Quote from: tekla on May 18, 2009, 07:19:12 PM
People are taught to admire man made things. Nature does not need any marketing.
Interesting point. Though I'm not all that sure about it. I mean I've taken people to places of spectacular natural beauty (Lake Tahoe, the Pacific Coast, Yosemite) and it blows them away. However, the first time some people go to an art exhibit, and really see real art (as opposed to reproduced art) it seems to have a similar effect.
And rather interestingly, at least in my recent experience is how passing through a gallery or museum and observing the paintings can color the vision afterwards.
Sunday I spent the day at the Philly Museum of Art with the
"Cezanne and Beyond" exhibit that's there til May 30 (The show was extended about 2 weeks so disregard the end-date listed in the link.)
In kinda drinking in Cezanne, Mondrian, Emanuel Kelly, Picasso, etc when I exited I walked around the drive from the east exit to the west parking lot I observed rather closely the skyline and cityscape. One is more attuned, or at least I was, to the lines and planes of the city, the intersections of shape and the muting of natural life within the cityscape. Form became easier to contemplate just for it's own sake.

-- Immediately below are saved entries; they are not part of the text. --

(* Consider the rectangular problem $$\max_{\alpha\in\mathbb{R}^{|\mathcal A|\times|\mathcal T|}}\ \sum_{i\in\mathcal A}\sum_{j\in\mathcal T} w_{ij}\alpha_{ij}\quad\text{s.t.}\quad \sum_{j\in\mathcal T}\alpha_{ij}\le 1\ (\forall i),\ \ \sum_i\alpha_{iP}=1,\ \ \sum_i\alpha_{ij}\le 1\ (\forall j\in\mathcal T\setminus\{P\}),\ \ 0\le\alpha_{ij}\le 1,$$ with $|\mathcal A|>|\mathcal T|$. Let $K=|\mathcal A|-|\mathcal T|$ and introduce $K$ secondary trajectory tasks $P'_1,\dots,P'_K$ with weights $w_{iP'_k}=(d(q_P,x_i)+\epsilon')^{-1}$ for all agents $i$ and all $k$, where $\epsilon'>0$. Consider the augmented square problem over $\tilde\alpha\in\mathbb{R}^{|\mathcal A|\times(|\mathcal T|+K)}$: $$\max\ \sum_{i}\sum_{j\in\mathcal T\cup\{P'_1,\dots,P'_K\}} w_{ij}\tilde\alpha_{ij}\quad\text{s.t. every row sum and every column sum of }\tilde\alpha\text{ equals }1,\ 0\le\tilde\alpha_{ij}\le1.$$ Then there exists $\epsilon'_0>0$ (depending on the agent positions, task locations and $\epsilon$) such that for every $\epsilon'>\epsilon'_0$, the restriction of any optimal solution $\tilde\alpha$ of the augmented problem to the columns indexed by $\mathcal T$ is an optimal solution of the rectangular problem; i.e., introducing the secondary trajectory tasks does not alter the assignment of the trajectory task $P$ and the online tasks.
   Context: A team consists of a finite set $\mathcal A$ of agents; agent $i$ has position $x_i\in\mathbb{R}^m$. The task set $\mathcal T$ consists of one trajectory task $P$, with location $q_P\in\mathbb{R}^m$ (the next reference waypoint), and online tasks $O_j$ with locations $q_{O_j}\in\mathbb{R}^m$. $d(\cdot,\cdot)$ is Euclidean distance and $\epsilon>0$ is fixed. The weights are $w_{iP}=(d(q_P,x_i)+\epsilon)^{-1}$ and $w_{iO_j}=(d(q_{O_j},x_i)+\epsilon)^{-1}$; in particular $0<w_{ij}\le\epsilon^{-1}$. The variable $\alpha_{ij}$ is the splitting (assignment) coefficient of agent $i$ to task $j$. *)

theory Defs
  imports "HOL-Analysis.Analysis"
begin
(* Let $\delta>0$ and $q\ge 1$. There is a constant $C_{\delta,q}>0$ depending only on $\delta$ and $q$ such that for every nonnegative measurable $f$ on $\mathbb{T}^3\times\mathbb{R}^3\times\mathbb{R}^+$ with $0<\|f\|_{L^\infty_q}<\infty$, at every point $x$ where $\rho(x)>0$ and $0<T_\delta(x)<\infty$, $$\frac{\rho\,|U|^{3+\delta+q}}{\big[(T_\delta+|U|^2)\,T_\delta\big]^{\frac{3+\delta}{2}}}\ \le\ C_{\delta,q}\,\|f\|_{L^\infty_q}.$$
   Context: Fix $\delta>0$. For a nonnegative measurable function $f=f(x,v,I)$ on $\mathbb{T}^3\times\mathbb{R}^3\times\mathbb{R}^+$ define at each $x$ the macroscopic fields $\rho=\int_{\mathbb{R}^3\times\mathbb{R}^+}f\,dv\,dI$, $U=\rho^{-1}\int vf\,dv\,dI$, the translational temperature $T_{tr}$ by $\frac32\rho T_{tr}=\int\frac12|v-U|^2 f\,dv\,dI$, the non-translational temperature $T_{I,\delta}$ by $\frac{\delta}{2}\rho T_{I,\delta}=\int I^{2/\delta}f\,dv\,dI$, and the temperature $T_\delta=\frac{3}{3+\delta}T_{tr}+\frac{\delta}{3+\delta}T_{I,\delta}$ (equivalently $\frac{3+\delta}{2}\rho T_\delta=\int(\frac12|v-U|^2+I^{2/\delta})f\,dv\,dI$). The weighted norm is $\|f\|_{L^\infty_q}=\operatorname{ess\,sup}_{x,v,I}|f(x,v,I)|(1+|v|^2+I^{2/\delta})^{q/2}$. *)

theory Defs
  imports "HOL-Analysis.Analysis" "HOL-Probability.Essential_Supremum"
begin

text \<open>Spatial domain: the torus T^3 represented by the unit cube [0,1]^3 with Lebesgue measure
(boundary has measure zero).  Velocity v in R^3, internal energy variable I in R^+ = (0,inf).\<close>

definition Xmeas :: "(real^3) measure" where
  "Xmeas = restrict_space lborel (cbox 0 1)"

definition VImeas :: "((real^3) \<times> real) measure" where
  "VImeas = lborel \<Otimes>\<^sub>M restrict_space lborel {0<..}"

definition Fullmeas :: "((real^3) \<times> ((real^3) \<times> real)) measure" where
  "Fullmeas = Xmeas \<Otimes>\<^sub>M VImeas"

definition Linfq_norm :: "real \<Rightarrow> real \<Rightarrow> (real^3 \<Rightarrow> real^3 \<Rightarrow> real \<Rightarrow> real) \<Rightarrow> ereal" where
  "Linfq_norm \<delta> q f = esssup Fullmeas
     (\<lambda>(x,(v,I)). ereal (\<bar>f x v I\<bar> * (1 + (norm v)^2 + I powr (2/\<delta>)) powr (q/2)))"

definition rho :: "(real^3 \<Rightarrow> real^3 \<Rightarrow> real \<Rightarrow> real) \<Rightarrow> real^3 \<Rightarrow> real" where
  "rho f x = (\<integral>(v,I). f x v I \<partial>VImeas)"

definition bulk_U :: "(real^3 \<Rightarrow> real^3 \<Rightarrow> real \<Rightarrow> real) \<Rightarrow> real^3 \<Rightarrow> real^3" where
  "bulk_U f x = (1 / rho f x) *\<^sub>R (\<integral>(v,I). f x v I *\<^sub>R v \<partial>VImeas)"

definition T_tr :: "(real^3 \<Rightarrow> real^3 \<Rightarrow> real \<Rightarrow> real) \<Rightarrow> real^3 \<Rightarrow> real" where
  "T_tr f x = (2 / (3 * rho f x)) * (\<integral>(v,I). (1/2) * (norm (v - bulk_U f x))^2 * f x v I \<partial>VImeas)"

definition T_I :: "real \<Rightarrow> (real^3 \<Rightarrow> real^3 \<Rightarrow> real \<Rightarrow> real) \<Rightarrow> real^3 \<Rightarrow> real" where
  "T_I \<delta> f x = (2 / (\<delta> * rho f x)) * (\<integral>(v,I). I powr (2/\<delta>) * f x v I \<partial>VImeas)"

definition T_delta :: "real \<Rightarrow> (real^3 \<Rightarrow> real^3 \<Rightarrow> real \<Rightarrow> real) \<Rightarrow> real^3 \<Rightarrow> real" where
  "T_delta \<delta> f x = 3 / (3 + \<delta>) * T_tr f x + \<delta> / (3 + \<delta>) * T_I \<delta> f x"

end

theory Submission
  imports Defs
begin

An interesting circumstance that after, for instance, coming out and doing the same walk after seeing the Pennsylvania Impressionists a while ago I didn't recognize. The eye can be tuned, or affected by the experience.
I think the same thing tends to be true with religion, the heart and mind can be affected by the context of the person's religion. Those of us who "worship" in groves see, perhaps, things not as clearly man-made as being paramount, including our belief in religion. A forest, perhaps, having a beauty and power in nature that a "god" cannot ever possess. Oth, a suburban mega-church surrounded by acres of parking lots enclosing a corrugated metal building with a gigantic roof and some sort of plastic-y windows stained in some fashion and all placed beside a major highway or street or interstate perhaps leaves one with a different view of both humanity and the nature we are all encased with.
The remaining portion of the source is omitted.